As noted previously, in her FAC plaintiff has joined defendant Henderson and asserted three claims against him under various California Labor Codes. (Doc. No. 11 at 1-2, 5-6.) IPC makes no argument in its opposition to remand that defendant Henderson should not be joined due to the invalidity of the claims asserted against him. (Doc. No. 18.) However, defendant Henderson has filed a motion to dismiss as to all three claims. (Doc. No. 28.) In it, he argues that plaintiff has “fail[ed] to establish” his individual liability under California Labor Code § 558.1. (Doc. No. 28-1 at 10.) In the alternative, he argues that plaintiff's claims against him must be dismissed because her FAC lacks sufficient factual allegations that her lack of meal periods was the result of his conduct, or that his actions were willful, as required under the relevant California Labor Codes. (Id. at 14-18.)
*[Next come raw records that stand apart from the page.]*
(* Let $d\ge 2$ and let $\rho_{DS}=\sum_{\mathbf{k}} p_{\mathbf{k}}\,|D_{\mathbf{k}}\rangle\langle D_{\mathbf{k}}|$ be a diagonal symmetric state on $(\mathbb{C}^d)^{\otimes 3}$. Let $M^{(3)}(\rho_{DS})=\bigoplus_{i=0}^{d-1}M^{(3)}_i(\rho_{DS})$, where $M^{(3)}_i(\rho_{DS})$ is the $d\times d$ matrix with entries $\big(M^{(3)}_i\big)_{ab}=\bar p_{iab}$, $a,b\in\{0,\dots,d-1\}$. Then $\rho_{DS}$ is PPT if and only if $M^{(3)}(\rho_{DS})\in\mathcal{DNN}_{d^2}$.
   Context: For $N$ parties and local dimension $d$, $\mathbf{k}=(k_0,\dots,k_{d-1})$, $k_i\ge0$, $\sum_ik_i=N$, and the Dicke state is $|D_{\mathbf k}\rangle=\binom{N}{\mathbf k}^{-1/2}\sum_{\pi}\pi\big(|0\rangle^{\otimes k_0}\otimes\cdots\otimes|d-1\rangle^{\otimes k_{d-1}}\big)$, summing over all distinct permutations of tensor factors, with $\binom{N}{\mathbf k}=\frac{N!}{k_0!\cdots k_{d-1}!}$. A diagonal symmetric state is $\sum_{\mathbf k}p_{\mathbf k}|D_{\mathbf k}\rangle\langle D_{\mathbf k}|$ with $p_{\mathbf k}\ge0$, $\sum p_{\mathbf k}=1$. Here $N=3$; $p_{ijk}$ denotes the coefficient of the Dicke state with index multiset $\{i,j,k\}$, and $\bar p_{ijk}=p_{ijk}/N_{ijk}$ with $N_{ijk}=1$ if $i=j=k$, $3$ if exactly two indices coincide, $6$ if all are distinct. The state is PPT if its partial transpose with respect to a single party (by permutation symmetry, any party) is positive semidefinite. $\mathcal{DNN}_n$ is the cone of $n\times n$ doubly non-negative matrices: positive semidefinite with all entries non-negative. *)

theory Defs
  imports Complex_Main "HOL-Library.Multiset"
begin

text \<open>Computational basis of (C^d)^(x3): triples (x,y,z) with entries in {0..<d}.
  Operators are matrices indexed by these triples.\<close>
definition idx3 :: "nat \<Rightarrow> (nat \<times> nat \<times> nat) set" where
  "idx3 d = {0..<d} \<times> {0..<d} \<times> {0..<d}"

text \<open>Dicke indices k = (k_0,...,k_{d-1}) with sum 3, represented as multisets of size 3
  over {0..<d} (count k i = k_i).\<close>
definition dicke_idx :: "nat \<Rightarrow> nat multiset set" where
  "dicke_idx d = {k. size k = 3 \<and> set_mset k \<subseteq> {0..<d}}"

definition multinom3 :: "nat multiset \<Rightarrow> real" where
  "multinom3 k = fact 3 / (\<Prod>i\<in>set_mset k. fact (count k i))"

text \<open>Dicke state |D_k>: sum over distinct permutations of |0..0 1..1 ...>, normalised;
  its amplitude at basis vector |x y z> is binom^(-1/2) iff {x,y,z} = k as multisets.\<close>
definition dicke_vec :: "nat multiset \<Rightarrow> nat \<times> nat \<times> nat \<Rightarrow> complex" where
  "dicke_vec k = (\<lambda>(x,y,z). if {#x, y, z#} = k then complex_of_real (1 / sqrt (multinom3 k)) else 0)"

definition rho_DS :: "nat \<Rightarrow> (nat multiset \<Rightarrow> real) \<Rightarrow>
    (nat \<times> nat \<times> nat) \<Rightarrow> (nat \<times> nat \<times> nat) \<Rightarrow> complex" where
  "rho_DS d p = (\<lambda>a b. \<Sum>k\<in>dicke_idx d. complex_of_real (p k) * dicke_vec k a * cnj (dicke_vec k b))"

definition diag_sym_state :: "nat \<Rightarrow> (nat multiset \<Rightarrow> real) \<Rightarrow> bool" where
  "diag_sym_state d p \<longleftrightarrow> (\<forall>k\<in>dicke_idx d. 0 \<le> p k) \<and> (\<Sum>k\<in>dicke_idx d. p k) = 1"

definition partial_transpose1 ::
  "((nat \<times> nat \<times> nat) \<Rightarrow> (nat \<times> nat \<times> nat) \<Rightarrow> complex) \<Rightarrow>
   (nat \<times> nat \<times> nat) \<Rightarrow> (nat \<times> nat \<times> nat) \<Rightarrow> complex" where
  "partial_transpose1 A = (\<lambda>(x,y,z) (x',y',z'). A (x',y,z) (x,y',z'))"

definition psd_on :: "'i set \<Rightarrow> ('i \<Rightarrow> 'i \<Rightarrow> complex) \<Rightarrow> bool" where
  "psd_on I A \<longleftrightarrow> (\<forall>a\<in>I. \<forall>b\<in>I. A a b = cnj (A b a)) \<and>
     (\<forall>v :: 'i \<Rightarrow> complex. 0 \<le> Re (\<Sum>a\<in>I. \<Sum>b\<in>I. cnj (v a) * A a b * v b))"

definition PPT :: "nat \<Rightarrow> (nat multiset \<Rightarrow> real) \<Rightarrow> bool" where
  "PPT d p \<longleftrightarrow> psd_on (idx3 d) (partial_transpose1 (rho_DS d p))"

definition real_psd_on :: "'i set \<Rightarrow> ('i \<Rightarrow> 'i \<Rightarrow> real) \<Rightarrow> bool" where
  "real_psd_on I M \<longleftrightarrow> (\<forall>a\<in>I. \<forall>b\<in>I. M a b = M b a) \<and>
     (\<forall>v :: 'i \<Rightarrow> real. 0 \<le> (\<Sum>a\<in>I. \<Sum>b\<in>I. v a * M a b * v b))"

definition DNN_on :: "'i set \<Rightarrow> ('i \<Rightarrow> 'i \<Rightarrow> real) \<Rightarrow> bool" where
  "DNN_on I M \<longleftrightarrow> real_psd_on I M \<and> (\<forall>a\<in>I. \<forall>b\<in>I. 0 \<le> M a b)"

definition N3 :: "nat multiset \<Rightarrow> real" where
  "N3 k = (if card (set_mset k) = 1 then 1 else if card (set_mset k) = 2 then 3 else 6)"

definition pbar :: "(nat multiset \<Rightarrow> real) \<Rightarrow> nat multiset \<Rightarrow> real" where
  "pbar p k = p k / N3 k"

text \<open>M^(3) = direct sum over i of M_i, (M_i)_{ab} = pbar_{iab}; indexed by pairs (i,a),
  i.e. a d^2 x d^2 block-diagonal matrix.\<close>
definition M3 :: "(nat multiset \<Rightarrow> real) \<Rightarrow> nat \<times> nat \<Rightarrow> nat \<times> nat \<Rightarrow> real" where
  "M3 p = (\<lambda>(i,a) (j,b). if i = j then pbar p {#i, a, b#} else 0)"

end

theory Submission
  imports Defs
begin

text \<open>The partial transpose of \<open>\<rho>\<^sub>D\<^sub>S\<close> is a real matrix indexed by basis triples
  \<open>(x, y, z)\<close>.  It has no entries between triples with \<open>x \<in> {y, z}\<close> and the others.  On the first
  kind it is the pullback of \<open>M3\<close> along \<open>(x, x, t), (x, t, x) \<mapsto> (t, x)\<close>; on the second kind it
  is diagonal in \<open>(x, {y, z})\<close> with the nonnegative entries \<open>pbar p {x, y, z}\<close>.  Pullbacks and
  sums of positive semidefinite matrices are positive semidefinite, so \<open>M3\<close> psd implies PPT.
  Conversely \<open>M3\<close> is the pullback of the partial transpose along \<open>(i, a) \<mapsto> (a, a, i)\<close>.\<close>

lemma real_psd_on_add:
  assumes "real_psd_on I A" and "real_psd_on I B"
  shows "real_psd_on I (\<lambda>a b. A a b + B a b)"
proof -
  have "(\<Sum>a\<in>I. \<Sum>b\<in>I. v a * (A a b + B a b) * v b) =
        (\<Sum>a\<in>I. \<Sum>b\<in>I. v a * A a b * v b) + (\<Sum>a\<in>I. \<Sum>b\<in>I. v a * B a b * v b)" for v
    by (simp add: distrib_left distrib_right sum.distrib)
  with assms show ?thesis
    unfolding real_psd_on_def by (simp add: add_nonneg_nonneg)
qed

lemma real_psd_on_diagonal:
  assumes "finite I" and "\<forall>a\<in>I. 0 \<le> D a"
  shows "real_psd_on I (\<lambda>a b. if a = b then D a else 0)"
proof -
  have "(\<Sum>a\<in>I. \<Sum>b\<in>I. v a * (if a = b then D a else 0) * v b) = (\<Sum>a\<in>I. D a * (v a)\<^sup>2)" for v
    using assms(1) by (simp add: if_distrib if_distribR power2_eq_square mult_ac cong: if_cong)
  with assms(2) show ?thesis
    unfolding real_psd_on_def by (simp add: sum_nonneg)
qed

lemma real_psd_on_congruence:
  assumes K: "real_psd_on I K"
    and A: "\<forall>r\<in>R. \<forall>c\<in>R. A r c = (\<Sum>a\<in>I. \<Sum>b\<in>I. \<phi> r a * K a b * \<phi> c b)"
  shows "real_psd_on R A"
  unfolding real_psd_on_def
proof (intro conjI ballI allI)
  fix r c assume "r \<in> R" "c \<in> R"
  have "(\<Sum>a\<in>I. \<Sum>b\<in>I. \<phi> c a * K a b * \<phi> r b) = (\<Sum>b\<in>I. \<Sum>a\<in>I. \<phi> c a * K a b * \<phi> r b)"
    by (rule sum.swap)
  also have "\<dots> = (\<Sum>b\<in>I. \<Sum>a\<in>I. \<phi> r b * K b a * \<phi> c a)"
    using K unfolding real_psd_on_def by (intro sum.cong refl) (simp add: mult_ac)
  finally show "A r c = A c r"
    using A \<open>r \<in> R\<close> \<open>c \<in> R\<close> by simp
next
  fix w :: "_ \<Rightarrow> real"
  define u where "u a = (\<Sum>r\<in>R. w r * \<phi> r a)" for a
  have "(\<Sum>r\<in>R. \<Sum>c\<in>R. w r * A r c * w c)
      = (\<Sum>r\<in>R. \<Sum>c\<in>R. \<Sum>a\<in>I. \<Sum>b\<in>I. (w r * \<phi> r a) * K a b * (w c * \<phi> c b))"
    using A by (simp add: sum_distrib_left sum_distrib_right mult_ac)
  also have "\<dots> = (\<Sum>a\<in>I. \<Sum>b\<in>I. \<Sum>r\<in>R. \<Sum>c\<in>R. (w r * \<phi> r a) * K a b * (w c * \<phi> c b))"
    by (simp only: sum.swap[where A = R and B = I])
  also have "\<dots> = (\<Sum>a\<in>I. \<Sum>b\<in>I. u a * K a b * u b)"
    unfolding u_def sum_distrib_left sum_distrib_right
    by (rule sum.cong[OF refl], rule sum.cong[OF refl], rule sum.swap)
  finally show "0 \<le> (\<Sum>r\<in>R. \<Sum>c\<in>R. w r * A r c * w c)"
    using K unfolding real_psd_on_def by simp
qed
California Labor Code § 558.1, provides that “[a]ny employer or other person acting on behalf of an employer, who violates, or causes to be violated [various wage and hour provisions] may be held liable as the employer for such violation.” Under the applicable Wage Order, an employer is one “who directly or indirectly, or through an agent or any other person, employs or exercises control over the wages, hours, or working conditions of any person.” Cal. Code Regs. tit. 8, § 11040(2)(H). An “other person acting on behalf of an employer” is defined as “a natural person who is an owner, director, officer, or managing agent of the employer.” Cal. Lab. Code § 558.1(b). “Supervisors who have broad discretionary powers and exercise substantial discretionary authority in the corporation could be managing agents.” White v. Ultramar, Inc., 21 Cal.4th 563, 577 (1999). However, “supervisors who have no discretionary authority over decisions that ultimately determine corporate policy would not be considered managing agents even though they may have the ability to hire or fire other employees.” Id.

In this case, plaintiff has made few allegations regarding defendant Henderson's role at IPC. She alleges that he gave her explicit instructions and warnings regarding her breaks and that he was the person who informed her not to report to work. (Doc. No. 11 at ¶¶ 6, 11.) In addition, she alleges that he “acted as an employer or person acting on behalf of an employer.” (Id. at ¶ 3.) These brief and conclusory allegations may indeed fall short of stating a claim against defendant Henderson. Plaintiff does not allege anything else about Henderson's role, such as in what other specific ways he may have exercised control over plaintiff's wages, hours, and working conditions, for the purposes of asserting his liability as an employer. Further, she does not allege in what specific ways Henderson had substantial discretionary authority over significant aspects of IPC's business, for the purposes of asserting his liability as a “managing agent” within the “other person acting on behalf of an employer” category.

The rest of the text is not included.